Buying, rehabbing, and flipping houses is capital intensive and can be risky when done wrong. It’s like real estate day trading in that you plan to buy a house, rehab it, and resell it immediately. Buy the wrong house for the wrong price, have the wrong team of contractors, finance it the wrong way, or miss something on your comps, and your flip can quickly become a financial flop. On the other hand, if you do everything right… you can create a very big payday for yourself!

Here are 3 specific ways to mange your capital and save big when rehabbing houses.

1. Save Thousands on Materials: Materials are a huge piece of the total investment capital required to rehab and flip houses, and there are a lot of opportunities to save big in this category. Instead of paying your contractor to supply labor and materials, consider having him only supply the labor. This way your materials don’t get marked up, and you can be confident in the materials being used at your houses.

To save money on materials, you can learn to purchase materials like builders and general contractors do. Professional builders take the time to build relationships with key material suppliers on big ticket items such as kitchen, bath, flooring, siding, windows, etc.

Typically professional builders are buying these materials from distributors and lumber yards. These type of suppliers often allow you to set up a credit account, buy materials via the phone or email, and provide volume discounts for you. This will save you a lot of money and a lot of time getting materials delivered to your job sites. For everyday miscellaneous purchases, you can rely on neighborhood big box stores like Lowe’s and Home Depot. You can also save a lot at these stores by using a military discount of 10% (if you’ve served), a 5% discount if you use their commercial accounts, or a full 10% off every purchase using their store coupons, which you can get online or buy directly on sites such as Ebay.

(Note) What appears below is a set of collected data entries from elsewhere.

lemma keys_prod_power_deg_monoms:
  assumes "finite S" "\<And>i. i \<in> S \<Longrightarrow> Poly_Mapping.keys (X i :: mpoly) \<subseteq> deg_monoms n 1"
  shows "Poly_Mapping.keys (\<Prod>i\<in>S. X i ^ f i) \<subseteq> deg_monoms n (sum f S)"
  using assms
proof (induction S rule: finite_induct)
  case (insert x S)
  have "Poly_Mapping.keys (X x ^ k) \<subseteq> deg_monoms n k" for k
    using keys_mult_deg_monoms[OF insert.prems[of x]] by (induction k) auto
  moreover have "Poly_Mapping.keys (\<Prod>i\<in>S. X i ^ f i) \<subseteq> deg_monoms n (sum f S)"
    using insert.prems by (intro insert.IH) auto
  ultimately show ?case
    using insert.hyps keys_mult_deg_monoms by simp
qed simp

lemma keys_lin_subst: "Poly_Mapping.keys (lin_subst n M i) \<subseteq> deg_monoms n 1"
proof -
  have "Poly_Mapping.keys (lin_subst n M i)
      \<subseteq> (\<Union>j<n. Poly_Mapping.keys (Poly_Mapping.single (Poly_Mapping.single j 1) (M i j)))"
    unfolding lin_subst_def by (rule keys_sum)
  also have "\<dots> \<subseteq> deg_monoms n 1"
    by auto
  finally show ?thesis .
qed

lemma lookup_single_0_mult:
  fixes P :: "'a::monoid_add \<Rightarrow>\<^sub>0 real"
  shows "Poly_Mapping.lookup (Poly_Mapping.single 0 c * P) x = c * Poly_Mapping.lookup P x"
  by (simp flip: mult_map_scale_conv_mult add: Poly_Mapping.map.rep_eq when_def)

lemma keys_single_0_mult:
  fixes P :: "'a::monoid_add \<Rightarrow>\<^sub>0 real"
  shows "Poly_Mapping.keys (Poly_Mapping.single 0 c * P) \<subseteq> Poly_Mapping.keys P"
  by (auto simp: in_keys_iff lookup_single_0_mult)

lemma keys_subst_lin_subst:
  assumes "\<forall>\<beta>\<in>Poly_Mapping.keys F. mdeg \<beta> = d"
  shows "Poly_Mapping.keys (subst F (lin_subst n M)) \<subseteq> deg_monoms n d"
  unfolding subst_def
proof (intro order.trans[OF keys_sum] UN_least)
  fix \<beta> assume \<beta>: "\<beta> \<in> Poly_Mapping.keys F"
  have "Poly_Mapping.keys (\<Prod>i\<in>Poly_Mapping.keys \<beta>. lin_subst n M i ^ Poly_Mapping.lookup \<beta> i)
      \<subseteq> deg_monoms n (mdeg \<beta>)"
    unfolding mdeg_def by (intro keys_prod_power_deg_monoms keys_lin_subst) simp
  then have "Poly_Mapping.keys (\<Prod>i\<in>Poly_Mapping.keys \<beta>. lin_subst n M i ^ Poly_Mapping.lookup \<beta> i)
      \<subseteq> deg_monoms n d"
    using assms \<beta> by simp
  then show "Poly_Mapping.keys (Poly_Mapping.single 0 (Poly_Mapping.lookup F \<beta>) *
      (\<Prod>i\<in>Poly_Mapping.keys \<beta>. lin_subst n M i ^ Poly_Mapping.lookup \<beta> i)) \<subseteq> deg_monoms n d"
    using keys_single_0_mult by blast
qed

definition nonneg_coeffs :: "('a \<Rightarrow>\<^sub>0 real) \<Rightarrow> bool" where
  "nonneg_coeffs P \<longleftrightarrow> (\<forall>x. 0 \<le> Poly_Mapping.lookup P x)"

lemma lookup_times_poly_mapping:
  fixes P Q :: "'a::monoid_add \<Rightarrow>\<^sub>0 real"
  shows "Poly_Mapping.lookup (P * Q) x = (\<Sum>a\<in>Poly_Mapping.keys P. \<Sum>b\<in>Poly_Mapping.keys Q.
    if a + b = x then Poly_Mapping.lookup P a * Poly_Mapping.lookup Q b else 0)"
  by (subst times_poly_mapping_sum_single) (simp add: lookup_sum lookup_single when_def)

lemma nonneg_coeffs_mult:
  fixes P Q :: "'a::monoid_add \<Rightarrow>\<^sub>0 real"
  shows "nonneg_coeffs P \<Longrightarrow> nonneg_coeffs Q \<Longrightarrow> nonneg_coeffs (P * Q)"
  unfolding nonneg_coeffs_def lookup_times_poly_mapping by (auto intro!: sum_nonneg)

lemma nonneg_coeffs_power:
  fixes P :: "'a::monoid_add \<Rightarrow>\<^sub>0 real"
  assumes "nonneg_coeffs P"
  shows "nonneg_coeffs (P ^ k)"
proof (induction k)
  case 0
  then show ?case
    by (simp add: nonneg_coeffs_def lookup_single when_def flip: single_one)
next
  case (Suc k)
  then show ?case
    using nonneg_coeffs_mult[OF assms] by simp
qed

lemma lookup_mult_ge:
  fixes P Q :: "'a::monoid_add \<Rightarrow>\<^sub>0 real"
  assumes "nonneg_coeffs P" "nonneg_coeffs Q"
  shows "Poly_Mapping.lookup P a * Poly_Mapping.lookup Q b \<le> Poly_Mapping.lookup (P * Q) (a + b)"
proof (cases "a \<in> Poly_Mapping.keys P \<and> b \<in> Poly_Mapping.keys Q")
  case True
  let ?t = "\<lambda>a' b'. if a' + b' = a + b then Poly_Mapping.lookup P a' * Poly_Mapping.lookup Q b' else 0"
  have nonneg: "0 \<le> ?t a' b'" for a' b'
    using assms by (simp add: nonneg_coeffs_def)
  have "Poly_Mapping.lookup P a * Poly_Mapping.lookup Q b \<le> (\<Sum>b'\<in>Poly_Mapping.keys Q. ?t a b')"
    using True member_le_sum[of b "Poly_Mapping.keys Q" "?t a"] nonneg by simp
  also have "\<dots> \<le> (\<Sum>a'\<in>Poly_Mapping.keys P. \<Sum>b'\<in>Poly_Mapping.keys Q. ?t a' b')"
    using True nonneg by (intro member_le_sum sum_nonneg) auto
  finally show ?thesis
    by (simp add: lookup_times_poly_mapping)
next
  case False
  then show ?thesis
    using nonneg_coeffs_mult[OF assms] by (auto simp: in_keys_iff nonneg_coeffs_def)
qed

lemma single_eq_single_iff_key:
  "v \<noteq> 0 \<Longrightarrow> Poly_Mapping.single i v = Poly_Mapping.single j v \<longleftrightarrow> i = j"
  by (metis lookup_single_eq lookup_single_not_eq)

definition var_sum :: "nat \<Rightarrow> mpoly" where
  "var_sum n = (\<Sum>j<n. Poly_Mapping.single (Poly_Mapping.single j 1) 1)"

lemma nonneg_coeffs_var_sum: "nonneg_coeffs (var_sum n)"
  by (auto simp: nonneg_coeffs_def var_sum_def lookup_sum lookup_single when_def intro!: sum_nonneg)

lemma lookup_var_sum: "j < n \<Longrightarrow> Poly_Mapping.lookup (var_sum n) (Poly_Mapping.single j 1) = 1"
  by (simp add: var_sum_def lookup_sum lookup_single when_def single_eq_single_iff_key)

lemma lookup_var_sum_power_ge_1:
  "\<alpha> \<in> deg_monoms n d \<Longrightarrow> 1 \<le> Poly_Mapping.lookup (var_sum n ^ d) \<alpha>"
proof (induction d arbitrary: \<alpha>)
  case (Suc d)
  then obtain j a where ja: "j < n" "a \<in> deg_monoms n d" "\<alpha> = Poly_Mapping.single j 1 + a"
    by auto
  have "1 \<le> Poly_Mapping.lookup (var_sum n) (Poly_Mapping.single j 1) * Poly_Mapping.lookup (var_sum n ^ d) a"
    using Suc.IH[OF ja(2)] lookup_var_sum[OF ja(1)] by simp
  also have "\<dots> \<le> Poly_Mapping.lookup (var_sum n * var_sum n ^ d) \<alpha>"
    unfolding ja(3) by (intro lookup_mult_ge nonneg_coeffs_var_sum nonneg_coeffs_power)
  finally show ?case
    by simp
qed simp

lemma single_0_power: "(Poly_Mapping.single 0 a :: 'a::monoid_add \<Rightarrow>\<^sub>0 'b::semiring_1) ^ k = Poly_Mapping.single 0 (a ^ k)"
  by (induction k) (simp_all add: mult_single)

lemma single_0_prod: "(\<Prod>i\<in>S. Poly_Mapping.single 0 (g i) :: 'a::comm_monoid_add \<Rightarrow>\<^sub>0 'b::comm_semiring_1) = Poly_Mapping.single 0 (\<Prod>i\<in>S. g i)"
  by (induction S rule: infinite_finite_induct) (simp_all add: mult_single)

lemma single_0_sum: "(\<Sum>i\<in>S. Poly_Mapping.single 0 (g i) :: 'a::zero \<Rightarrow>\<^sub>0 'b::comm_monoid_add) = Poly_Mapping.single 0 (\<Sum>i\<in>S. g i)"
  by (induction S rule: infinite_finite_induct) (simp_all add: single_add)

lemma lin_subst_const_rows:
  "lin_subst n (\<lambda>i j. p i) i = Poly_Mapping.single 0 (p i) * var_sum n"
  by (simp add: lin_subst_def var_sum_def sum_distrib_left mult_single)

text \<open>All columns of the matrix \<open>\<lambda>i j. p i\<close> equal \<open>p\<close>, so it maps \<open>X\<close> to \<open>(x\<^sub>1 + \<dots> + x\<^sub>n) p\<close>.\<close>
lemma subst_const_rows:
  assumes "\<forall>\<beta>\<in>Poly_Mapping.keys F. mdeg \<beta> = d"
  shows "subst F (lin_subst n (\<lambda>i j. p i)) = Poly_Mapping.single 0 (eval F p) * var_sum n ^ d"
proof -
  have "Poly_Mapping.single 0 (Poly_Mapping.lookup F \<beta>) *
      (\<Prod>i\<in>Poly_Mapping.keys \<beta>. lin_subst n (\<lambda>i j. p i) i ^ Poly_Mapping.lookup \<beta> i)
    = Poly_Mapping.single 0 (Poly_Mapping.lookup F \<beta> *
      (\<Prod>i\<in>Poly_Mapping.keys \<beta>. p i ^ Poly_Mapping.lookup \<beta> i)) * var_sum n ^ d"
    if "\<beta> \<in> Poly_Mapping.keys F" for \<beta>
    using assms that
    by (simp add: lin_subst_const_rows power_mult_distrib single_0_power prod.distrib single_0_prod
        mdeg_def mult_single flip: power_sum mult.assoc)
  then show ?thesis
    unfolding subst_def eval_def
    by (simp add: sum_distrib_right[symmetric] single_0_sum cong: sum.cong)
qed

lemma norm1_lin_subst_le:
  assumes "\<And>j. j < n \<Longrightarrow> \<bar>M i j\<bar> \<le> a"
  shows "norm1 (lin_subst n M i) \<le> real n * a"
proof -
  have "norm1 (lin_subst n M i) \<le> (\<Sum>j<n. \<bar>M i j\<bar>)"
    unfolding lin_subst_def by (rule order.trans[OF norm1_sum]) simp
  also have "\<dots> \<le> (\<Sum>j<n. a)"
    using assms by (intro sum_mono) simp
  finally show ?thesis
    by simp
qed

lemma lin_subst_diff:
  "lin_subst n M i - lin_subst n R i = lin_subst n (\<lambda>i j. M i j - R i j) i"
  by (simp add: lin_subst_def sum_subtractf single_diff)

lemma norm1_subst_diff:
  assumes "\<forall>\<beta>\<in>Poly_Mapping.keys F. mdeg \<beta> = d" "1 \<le> A"
    and "\<And>i. i \<in> \<Union>(Poly_Mapping.keys ` Poly_Mapping.keys F) \<Longrightarrow>
      norm1 (L i) \<le> A \<and> norm1 (L' i) \<le> A \<and> norm1 (L i - L' i) \<le> e"
  shows "norm1 (subst F L - subst F L') \<le> norm1 F * (real d * A ^ d * e)"
proof -
  have "norm1 (subst F L - subst F L') \<le> (\<Sum>\<beta>\<in>Poly_Mapping.keys F.
      norm1 (Poly_Mapping.single 0 (Poly_Mapping.lookup F \<beta>) *
        ((\<Prod>i\<in>Poly_Mapping.keys \<beta>. L i ^ Poly_Mapping.lookup \<beta> i) -
         (\<Prod>i\<in>Poly_Mapping.keys \<beta>. L' i ^ Poly_Mapping.lookup \<beta> i))))"
    unfolding subst_def by (simp add: norm1_sum flip: sum_subtractf right_diff_distrib)
  also have "\<dots> \<le> (\<Sum>\<beta>\<in>Poly_Mapping.keys F. \<bar>Poly_Mapping.lookup F \<beta>\<bar> * (real d * A ^ d * e))"
  proof (rule sum_mono)
    fix \<beta> assume \<beta>: "\<beta> \<in> Poly_Mapping.keys F"
    have "norm1 ((\<Prod>i\<in>Poly_Mapping.keys \<beta>. L i ^ Poly_Mapping.lookup \<beta> i) -
        (\<Prod>i\<in>Poly_Mapping.keys \<beta>. L' i ^ Poly_Mapping.lookup \<beta> i)) \<le> real (mdeg \<beta>) * A ^ mdeg \<beta> * e"
      unfolding mdeg_def using assms(2,3) \<beta> by (intro norm1_diff_prod_power) auto
    then show "norm1 (Poly_Mapping.single 0 (Poly_Mapping.lookup F \<beta>) *
        ((\<Prod>i\<in>Poly_Mapping.keys \<beta>. L i ^ Poly_Mapping.lookup \<beta> i) -
         (\<Prod>i\<in>Poly_Mapping.keys \<beta>. L' i ^ Poly_Mapping.lookup \<beta> i)))
      \<le> \<bar>Poly_Mapping.lookup F \<beta>\<bar> * (real d * A ^ d * e)"
      using assms(1) \<beta> by (intro order.trans[OF norm1_mult]) (simp add: mult_left_mono)
  qed
  also have "\<dots> = norm1 F * (real d * A ^ d * e)"
    by (simp add: norm1_def sum_distrib_right)
  finally show ?thesis .
qed

text \<open>The substitution of a matrix close to a matrix with constant rows \<open>p\<close> stays close to
  \<open>F(p) (x\<^sub>1 + \<dots> + x\<^sub>n)\<^sup>d\<close>, whose coefficients on all monomials of degree \<open>d\<close> are at least \<open>F(p)\<close>.\<close>
lemma lookup_subst_nonneg_near_const_rows:
  assumes F: "in_vars n F" "\<forall>\<beta>\<in>Poly_Mapping.keys F. mdeg \<beta> = d" and "1 \<le> n"
    and M: "\<And>i j. i < n \<Longrightarrow> j < n \<Longrightarrow> \<bar>M i j\<bar> \<le> 1 \<and> \<bar>p i\<bar> \<le> 1 \<and> \<bar>M i j - p i\<bar> \<le> \<eta>"
    and small: "norm1 F * (real d * real n ^ d * (real n * \<eta>)) \<le> eval F p"
  shows "0 \<le> Poly_Mapping.lookup (subst F (lin_subst n M)) \<alpha>"
proof (cases "\<alpha> \<in> deg_monoms n d")
  case True
  let ?G = "subst F (lin_subst n M)" and ?G' = "subst F (lin_subst n (\<lambda>i j. p i))"
  have "norm1 (lin_subst n M i) \<le> real n \<and> norm1 (lin_subst n (\<lambda>i j. p i) i) \<le> real n \<and>
      norm1 (lin_subst n M i - lin_subst n (\<lambda>i j. p i) i) \<le> real n * \<eta>" if "i < n" for i
    using M[OF that] norm1_lin_subst_le[of n M i 1] norm1_lin_subst_le[of n "\<lambda>i j. p i" i 1]
      norm1_lin_subst_le[of n "\<lambda>i j. M i j - p i" i \<eta>]
    by (simp add: lin_subst_diff)
  moreover have "\<Union>(Poly_Mapping.keys ` Poly_Mapping.keys F) \<subseteq> {..<n}"
    using F(1) by (auto simp: in_vars_def)
  ultimately have "norm1 (?G - ?G') \<le> norm1 F * (real d * real n ^ d * (real n * \<eta>))"
    using \<open>1 \<le> n\<close> by (intro norm1_subst_diff[OF F(2)]) auto
  then have "norm1 (?G - ?G') \<le> eval F p"
    using small by linarith
  then have "\<bar>Poly_Mapping.lookup ?G \<alpha> - Poly_Mapping.lookup ?G' \<alpha>\<bar> \<le> eval F p"
    using abs_lookup_le_norm1[of "?G - ?G'" \<alpha>] by (simp add: lookup_minus)
  moreover have "0 \<le> \<eta>"
    using M[of 0 0] \<open>1 \<le> n\<close> by auto
  then have "0 \<le> norm1 F * (real d * real n ^ d * (real n * \<eta>))"
    by (simp add: norm1_nonneg)
  then have "0 \<le> eval F p"
    using small by linarith
  then have "eval F p \<le> Poly_Mapping.lookup ?G' \<alpha>"
    using lookup_var_sum_power_ge_1[OF True]
    by (simp add: subst_const_rows[OF F(2)] lookup_single_0_mult mult_le_cancel_left1)
  ultimately show ?thesis
    by linarith
next
  case False
  then have "\<alpha> \<notin> Poly_Mapping.keys (subst F (lin_subst n M))"
    using keys_subst_lin_subst[OF F(2), of n M] by blast
  then show ?thesis
    by (simp add: in_keys_iff)
qed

2. Save Thousands on Labor: If you have the skills and time available, you can use licensed subcontractors (Class B and C) to save a lot of money. Class A contractors are typically 10% more expensive then the lower class contractors. You’ll save a lot of money provided you build a strong, reliable team of subcontractors. Your subcontracting team may include an electrician, HVAC/mechanical, plumber, framer, drywall/finisher, painter, landscaper, etc. You should always verify contractor licensure, insurance, and plan to use a good contractor agreement and indemnification to protect your interests.

I’ve seen many investors get in trouble with payment schedules and down payments. More then once I’ve heard contractor horror stories of an investor providing a large deposit to start a job and then the contractor literally disappears.The benefit of using subcontractors who provide only labor is they should be able to start your job with little to no money on the front end. Running your own job site requires that you manage the entire project closely, so you have the right contractor on site at the right time and you coordinate the delivery of the materials to the site.It does take time and planning, but can lead to significant savings if you have the skills, time, and experience to run the whole job yourself.

3. Rehab Your Financing: The way you finance your investment has a huge impact on your bottom line. Many investors get into the business of flipping houses by relying on hard money lenders. It can be a great way to get started, but you will soon realize that your hard money lender is taking a big piece of your overall profit. 

Hard money is considered to be “hard” because the points and interest are typically high, and it can be painful to absorb the high cost of this type of financing. Some hard money lenders will provide 100% financing, but more are trending toward requiring the borrower to put skin into the game in the form of a down payment or by not funding all of the repairs for the property.

Typically hard money lenders will charge 3 – 8 points. A point is equivalent to one percent of the mortgage amount. The total mortgage amount usually includes the price being paid, closing costs, and the renovation fix-up expenses.